TESTING
Testing Guide
Philosophy
Every test answers one question: does this service do what it claims?
Given real input X, through the real production stack, assert real observable output Y. If a test does not fit that shape, delete it.
Hard rules
- Zero mocks. No
MagicMock,Mock,patch,monkeypatch, stubs, spies, or fakes against production code. In-memory SQLite is allowed — it is still SQLite, not a mock. - 3–10 feature tests per service. Hard cap. More than 10 is a design smell. Escalate; do not write the 11th test.
- Real-world scenarios only. Test what the service is responsible for, not how it is wired internally.
- No contract or plumbing tests. No field-list, call-count, version-pin, shape, or enum-membership assertions. A real feature test catches those failures with better signal.
- No unit tests unless the function is pure. Pure means: no IO, no collaborators, no state. Everything else is a feature test.
- The coder agent never writes or modifies tests. The tester agent has exclusive ownership.
Markers
| Marker | When to use |
|---|---|
@pytest.mark.unit |
Pure functions only — no IO, no collaborators, deterministic |
@pytest.mark.integration |
Anything touching a service, DB, model, or network — the default |
integration is the default. Apply unit only when all three pure-function criteria hold.
Running the Suite
cd backend
pytest -m unit # fast — pure functions, in-memory, ~1 second
pytest -m integration # slow — real stack, real models
pytest # both
Example Feature Test
# backend/tests/test_classifier_features.py
import pytest
from pathlib import Path
pytestmark = pytest.mark.integration
_MODELS_DIR = str(Path(__file__).parent.parent / "data" / "models")
@pytest.fixture(scope="module")
def onnx_svc():
from services.onnx_inference_service import OnnxInferenceService
return OnnxInferenceService(_MODELS_DIR)
class TestThinkingLevelClassifier:
def test_architecture_question_routes_to_high(self, onnx_svc):
import numpy as np
onehot = np.zeros((1, 4), dtype=np.float32)
onehot[0, 0] = 1.0 # none → index 0
label, confidence = onnx_svc.predict(
"thinking_level",
"Design a fault-tolerant multi-region distributed system for a "
"high-traffic e-commerce platform.",
extra_features=onehot,
)
assert label == "high"
assert confidence > 0.4
Names describe the real-world scenario: test_architecture_question_routes_to_high, not test_predict_returns_dict.
Banned Patterns
assert True— tests nothingassert isinstance(x, dict)as the sole assertionassert x is not Nonewithout a content check- Tests with zero assertions
- Any
MagicMock,Mock,patch, ormonkeypatchof production code - Parametrised label pass-throughs where the test only asserts the mock returned what it was given
- Assertions on version strings, SHA pins, weight shapes, field lists, or
.called_with(...)
Three Testing Tiers
| Tier | Location | Purpose |
|---|---|---|
| Python feature tests | backend/tests/ |
Fast-feedback for individual service behaviour |
| Nightly YAML scenarios | chalie-nightly-test/scenarios/ |
Primary system tests — full stack, HTTP to response |
| Benchmarks | chalie-nightly-test/benchmark_tasks/ |
Scored quality measurement, not pass/fail |
Python-level tests are a fast-feedback supplement. They do not replace the nightly scenarios. See .claude/commands/nightly-tests.md for the nightly scenario spec.
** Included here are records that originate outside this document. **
lemma finite_subset_incseq_Union:
  fixes C :: "nat \<Rightarrow> 'a set"
  assumes "\<And>n. C n \<subseteq> C (Suc n)" "finite F" "F \<subseteq> (\<Union>n. C n)"
  obtains n where "F \<subseteq> C n"
proof -
  have mono: "m \<le> n \<Longrightarrow> C m \<subseteq> C n" for m n
    using lift_Suc_mono_le[of C, OF assms(1)] by blast
  have "subset.chain UNIV (range C)"
    unfolding subset_chain_def
  proof (intro conjI ballI)
    fix X Y assume "X \<in> range C" "Y \<in> range C"
    then obtain m n where "X = C m" "Y = C n" by blast
    then show "X \<subseteq> Y \<or> Y \<subseteq> X" using mono nat_le_linear by metis
  qed simp
  with assms obtain B where "B \<in> range C" "F \<subseteq> B"
    by (elim finite_subset_Union_chain) auto
  then show thesis using that by blast
qed

section \<open>Formal sums in \<open>M \<otimes>\<^sub>u \<A>(V)\<close>\<close>

lemma kspan_mono: "s \<in> kspan G \<Longrightarrow> G \<subseteq> H \<Longrightarrow> s \<in> kspan H"
  by (induction rule: kspan.induct) (auto intro: kspan.intros)

lemma kspan_sum:
  assumes "finite D" "\<And>t. t \<in> D \<Longrightarrow> g t \<in> kspan G"
  shows "(\<lambda>x. \<Sum>t\<in>D. g t x) \<in> kspan G"
  using assms
proof (induction D rule: finite_induct)
  case empty
  then show ?case by (simp add: kspan.kspan_zero)
next
  case (insert a D)
  then have "(\<lambda>x. g a x + (\<Sum>t\<in>D. g t x)) \<in> kspan G"
    by (intro kspan.kspan_add) auto
  with insert show ?case by simp
qed

lemma kspan_diff:
  assumes "s \<in> kspan G" "r \<in> kspan G"
  shows "(\<lambda>x. s x - r x) \<in> kspan G"
proof -
  have "(\<lambda>x. s x + (-1) * r x) \<in> kspan G"
    using assms by (intro kspan.kspan_add kspan.kspan_smult)
  then show ?thesis by simp
qed

lemma tens_triples_mono:
  "(\<And>A. A \<in> kOb (pcat P U) \<Longrightarrow> carrier M1 A \<subseteq> carrier M2 A) \<Longrightarrow>
   tens_triples P u U V M1 B \<subseteq> tens_triples P u U V M2 B"
  unfolding tens_triples_def by auto

lemma tens_fsums_mono:
  assumes "\<And>A. A \<in> kOb (pcat P U) \<Longrightarrow> carrier M1 A \<subseteq> carrier M2 A"
  shows "tens_fsums P u U V M1 B \<subseteq> tens_fsums P u U V M2 B"
proof -
  have "tens_triples P u U V M1 B \<subseteq> tens_triples P u U V M2 B"
    using assms by (rule tens_triples_mono)
  then show ?thesis unfolding tens_fsums_def by blast
qed

lemma tens_rel_mono:
  assumes "act M1 = act M2" "msmult M1 = msmult M2"
    and "\<And>A. A \<in> kOb (pcat P U) \<Longrightarrow> carrier M1 A \<subseteq> carrier M2 A"
  shows "tens_rel P u U V M1 B \<subseteq> tens_rel P u U V M2 B"
proof -
  have "tens_gens P u U V M1 B \<subseteq> tens_gens P u U V M2 B"
    unfolding tens_gens_def assms(1,2)
    by (intro Un_mono Collect_mono impI) (blast intro: assms(3)[THEN subsetD])+
  then show ?thesis unfolding tens_rel_def using kspan_mono by blast
qed

lemma tens_gens_finite_support:
  assumes "g \<in> tens_gens P u U V Mm B"
  obtains F where "finite F" "F \<subseteq> Sigma (kOb (pcat P U)) (carrier Mm)"
    "g \<in> tens_gens P u U V (Mm\<lparr>carrier := \<lambda>A. F `` {A}\<rparr>) B"
  using assms[unfolded tens_gens_def]
  apply (elim UnE CollectE exE conjE; hypsubst)
  subgoal for A m m' f
    by (rule that[of "{(A, m), (A, m')}"]) (simp_all add: tens_gens_def, rule disjI1, blast)
  subgoal for A m f f' by (rule that[of "{(A, m)}"]) (auto simp: tens_gens_def)
  subgoal for A m f c by (rule that[of "{(A, m)}"]) (auto simp: tens_gens_def)
  subgoal for A m f c by (rule that[of "{(A, m)}"]) (auto simp: tens_gens_def)
  subgoal for A A' a m f by (rule that[of "{(A', m)}"]) (auto simp: tens_gens_def)
  done

lemma tens_rel_finite_support:
  assumes "s \<in> tens_rel P u U V Mm B"
  obtains F where "finite F" "F \<subseteq> Sigma (kOb (pcat P U)) (carrier Mm)"
    "s \<in> tens_rel P u U V (Mm\<lparr>carrier := \<lambda>A. F `` {A}\<rparr>) B"
proof -
  let ?gens = "\<lambda>F. tens_gens P u U V (Mm\<lparr>carrier := \<lambda>A. F `` {A}\<rparr>) B"
  let ?small = "\<lambda>F. finite F \<and> F \<subseteq> Sigma (kOb (pcat P U)) (carrier Mm)"
  have span_mono: "kspan (?gens F) \<subseteq> kspan (?gens G)" if "F \<subseteq> G" for F G
  proof -
    have "tens_rel P u U V (Mm\<lparr>carrier := \<lambda>A. F `` {A}\<rparr>) B \<subseteq>
          tens_rel P u U V (Mm\<lparr>carrier := \<lambda>A. G `` {A}\<rparr>) B"
      using that by (intro tens_rel_mono) auto
    then show ?thesis by (simp only: tens_rel_def)
  qed
  have "\<exists>F. ?small F \<and> s \<in> kspan (?gens F)"
    using assms unfolding tens_rel_def
  proof (induction rule: kspan.induct)
    case kspan_zero
    have "?small {}" "(\<lambda>x. 0) \<in> kspan (?gens {})" by (simp_all add: kspan.kspan_zero)
    then show ?case by blast
  next
    case (kspan_gen g)
    then obtain F where F: "?small F" "g \<in> ?gens F"
      by (metis tens_gens_finite_support)
    from F(2) have "g \<in> kspan (?gens F)" by (rule kspan.kspan_gen)
    with F(1) show ?case by blast
  next
    case (kspan_add s r)
    then obtain F G where F: "?small F" "s \<in> kspan (?gens F)" and G: "?small G" "r \<in> kspan (?gens G)"
      by blast
    have "s \<in> kspan (?gens (F \<union> G))" "r \<in> kspan (?gens (F \<union> G))"
      using F(2) G(2) span_mono[of F "F \<union> G"] span_mono[of G "F \<union> G"] by blast+
    then have "(\<lambda>x. s x + r x) \<in> kspan (?gens (F \<union> G))" by (rule kspan.kspan_add)
    moreover have "?small (F \<union> G)" using F(1) G(1) by blast
    ultimately show ?case by blast
  next
    case (kspan_smult s c)
    then obtain F where F: "?small F" "s \<in> kspan (?gens F)" by blast
    from F(2) have "(\<lambda>x. c * s x) \<in> kspan (?gens F)" by (rule kspan.kspan_smult)
    with F(1) show ?case by blast
  qed
  with that show thesis unfolding tens_rel_def by blast
qed

lemma tens_gens_smultI:
  assumes "A \<in> kOb (pcat P U)" "m \<in> carrier Mm A" "f \<in> kHom (pcat P V) B (pobj P u A)"
  shows "(\<lambda>x. fdelta (A, msmult Mm c m, f) x - c * fdelta (A, m, f) x) \<in> tens_gens P u U V Mm B"
  unfolding tens_gens_def by (rule UnI1, rule UnI1, rule UnI2) (use assms in blast)

definition formal_sum :: "'a list \<Rightarrow> 'a \<Rightarrow> 'k::comm_ring_1" where
  "formal_sum xs = (\<lambda>x. \<Sum>y\<leftarrow>xs. fdelta y x)"

text \<open>Moving each coefficient into the module element (\<open>c (m \<otimes> f) = c m \<otimes> f\<close>) leaves only
  coefficients one; such sums are indexed by lists of triples, so their number does not depend
  on the size of \<open>k\<close>.\<close>
lemma tens_fsums_unit_coefficients:
  assumes Mm: "is_kmod (pcat P U) Mm" and s: "s \<in> tens_fsums P u U V Mm B"
  obtains xs where "set xs \<subseteq> tens_triples P u U V Mm B"
    "(\<lambda>x. formal_sum xs x - s x) \<in> tens_rel P u U V Mm B"
proof -
  define D where "D = {t. s t \<noteq> 0}"
  have D: "finite D" "D \<subseteq> tens_triples P u U V Mm B"
    using s unfolding tens_fsums_def D_def by blast+
  define scale where "scale = (\<lambda>(A, m, f). (A, msmult Mm (s (A, m, f)) m, f))"
  obtain ts where ts: "distinct ts" "set ts = D" using finite_distinct_list[OF D(1)] by blast
  show thesis
  proof
    show "set (map scale ts) \<subseteq> tens_triples P u U V Mm B"
      using D(2) Mm ts(2) by (auto simp: scale_def tens_triples_def is_kmod_def)
    have gen: "(\<lambda>x. fdelta (scale t) x - s t * fdelta t x) \<in> tens_gens P u U V Mm B" if "t \<in> D" for t
      using that D(2) by (auto simp: scale_def tens_triples_def intro: tens_gens_smultI)
    have "(\<lambda>x. \<Sum>t\<in>D. fdelta (scale t) x - s t * fdelta t x) \<in> tens_rel P u U V Mm B"
      unfolding tens_rel_def by (rule kspan_sum[OF D(1)]) (rule kspan.kspan_gen[OF gen])
    moreover have "(\<Sum>t\<in>D. fdelta (scale t) x - s t * fdelta t x) = formal_sum (map scale ts) x - s x" for x
    proof -
      have "(\<Sum>t\<in>D. fdelta (scale t) x) = formal_sum (map scale ts) x"
        using ts by (simp add: formal_sum_def sum_list_distinct_conv_sum_set o_def)
      moreover have "(\<Sum>t\<in>D. s t * fdelta t x) = (\<Sum>t\<in>D. if x = t then s t else 0)"
        by (rule sum.cong) (simp_all add: fdelta_def)
      then have "(\<Sum>t\<in>D. s t * fdelta t x) = s x"
        using D(1) by (simp add: D_def)
      ultimately show ?thesis by (simp add: sum_subtractf)
    qed
    ultimately show "(\<lambda>x. formal_sum (map scale ts) x - s x) \<in> tens_rel P u U V Mm B" by simp
  qed
qed

section \<open>Subfamilies of quasi-coherent modules\<close>

lemma is_kmod_restrict:
  assumes C: "is_klcat C" and Mm: "is_kmod C Mm"
    and sub: "\<And>A. A \<in> kOb C \<Longrightarrow> N A \<subseteq> carrier Mm A"
    and zero: "\<And>A. A \<in> kOb C \<Longrightarrow> 0 \<in> N A"
    and add: "\<And>A x y. A \<in> kOb C \<Longrightarrow> x \<in> N A \<Longrightarrow> y \<in> N A \<Longrightarrow> x + y \<in> N A"
    and neg: "\<And>A x. A \<in> kOb C \<Longrightarrow> x \<in> N A \<Longrightarrow> - x \<in> N A"
    and act: "\<And>A A' f x. A \<in> kOb C \<Longrightarrow> A' \<in> kOb C \<Longrightarrow> f \<in> kHom C A A' \<Longrightarrow> x \<in> N A' \<Longrightarrow>
              act Mm f x \<in> N A"
  shows "is_kmod C (Mm\<lparr>carrier := N\<rparr>)"
proof -
  have smult: "msmult Mm c x \<in> N A" if "A \<in> kOb C" "x \<in> N A" for A c x
  proof -
    \<comment> \<open>scalars act through the endomorphism \<open>c \<cdot> id\<close>\<close>
    have x: "x \<in> carrier Mm A" using sub that by blast
    have id: "kid C A \<in> kHom C A A" using C that(1) by (simp add: is_klcat_def)
    then have "ksmult C c (kid C A) \<in> kHom C A A" using C that(1) by (simp add: is_klcat_def)
    then have "act Mm (ksmult C c (kid C A)) x \<in> N A" using act that by blast
    moreover have "act Mm (ksmult C c (kid C A)) x = msmult Mm c (act Mm (kid C A) x)"
      using Mm id that(1) x by (simp add: is_kmod_def)
    moreover have "act Mm (kid C A) x = x" using Mm that(1) x by (simp add: is_kmod_def)
    ultimately show ?thesis by simp
  qed
  have "x \<in> carrier Mm A" if "A \<in> kOb C" "x \<in> N A" for A x using sub that by blast
  then show ?thesis
    using Mm unfolding is_kmod_def
    by (simp add: zero add neg act smult)
qed

lemma phi_eval_update_qcar [simp]: "phi_eval (M\<lparr>qcar := N\<rparr>) = phi_eval M"
  by (simp add: phi_eval_def fun_eq_iff)

lemma qmod_update_qcar [simp]: "qmod (M\<lparr>qcar := N\<rparr>) U = (qmod M U)\<lparr>carrier := N U\<rparr>"
  by (simp add: qmod_def)

lemma qmod_simps [simp]:
  "carrier (qmod M U) = qcar M U" "act (qmod M U) = qact M U" "msmult (qmod M U) = qsmult M"
  by (simp_all add: qmod_def)

lemma is_qch_subfamily:
  assumes M: "is_qch UC P M"
    and sub: "\<And>U A. U \<in> cOb UC \<Longrightarrow> A \<in> kOb (pcat P U) \<Longrightarrow> N U A \<subseteq> qcar M U A"
    and kmod: "\<And>U. U \<in> cOb UC \<Longrightarrow> is_kmod (pcat P U) ((qmod M U)\<lparr>carrier := N U\<rparr>)"
    and psi: "\<And>U V u A x. U \<in> cOb UC \<Longrightarrow> V \<in> cOb UC \<Longrightarrow> u \<in> cHom UC V U \<Longrightarrow>
        A \<in> kOb (pcat P U) \<Longrightarrow> x \<in> N U A \<Longrightarrow> qpsi M u A x \<in> N V (pobj P u A)"
    and surj: "\<And>U V u B y. U \<in> cOb UC \<Longrightarrow> V \<in> cOb UC \<Longrightarrow> u \<in> cHom UC V U \<Longrightarrow>
        B \<in> kOb (pcat P V) \<Longrightarrow> y \<in> N V B \<Longrightarrow>
        \<exists>s\<in>tens_fsums P u U V ((qmod M U)\<lparr>carrier := N U\<rparr>) B. phi_eval M u V s = y"
    and inj: "\<And>U V u B s. U \<in> cOb UC \<Longrightarrow> V \<in> cOb UC \<Longrightarrow> u \<in> cHom UC V U \<Longrightarrow>
        B \<in> kOb (pcat P V) \<Longrightarrow> s \<in> tens_fsums P u U V ((qmod M U)\<lparr>carrier := N U\<rparr>) B \<Longrightarrow>
        phi_eval M u V s = 0 \<Longrightarrow> s \<in> tens_rel P u U V ((qmod M U)\<lparr>carrier := N U\<rparr>) B"
  shows "is_qch UC P (M\<lparr>qcar := N\<rparr>)"
proof -
  have "x \<in> qcar M U A" if "U \<in> cOb UC" "A \<in> kOb (pcat P U)" "x \<in> N U A" for U A x
    using sub that by blast
  with M show ?thesis
    unfolding is_qch_def by (simp add: kmod psi surj inj)
qed

definition fam_of :: "('u \<times> 'o \<times> 'm) set \<Rightarrow> 'u \<Rightarrow> 'o \<Rightarrow> 'm set" where
  "fam_of S U A = {x. (U, A, x) \<in> S}"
What If a Service Cannot Be Tested Without Mocks?
Stop. Do not write the test. Escalate.
If the only way to test a service is to mock its collaborators, the code is too coupled to test in production shape. Possible resolutions:
- Add a legitimate dependency-injection seam (via the coder agent, not the tester)
- Test the behaviour at a higher level where real collaborators can run
- Accept that the behaviour is covered by a nightly scenario and leave the Python-level test unwritten
The wrong answer is always: write a mock-heavy test that proves nothing.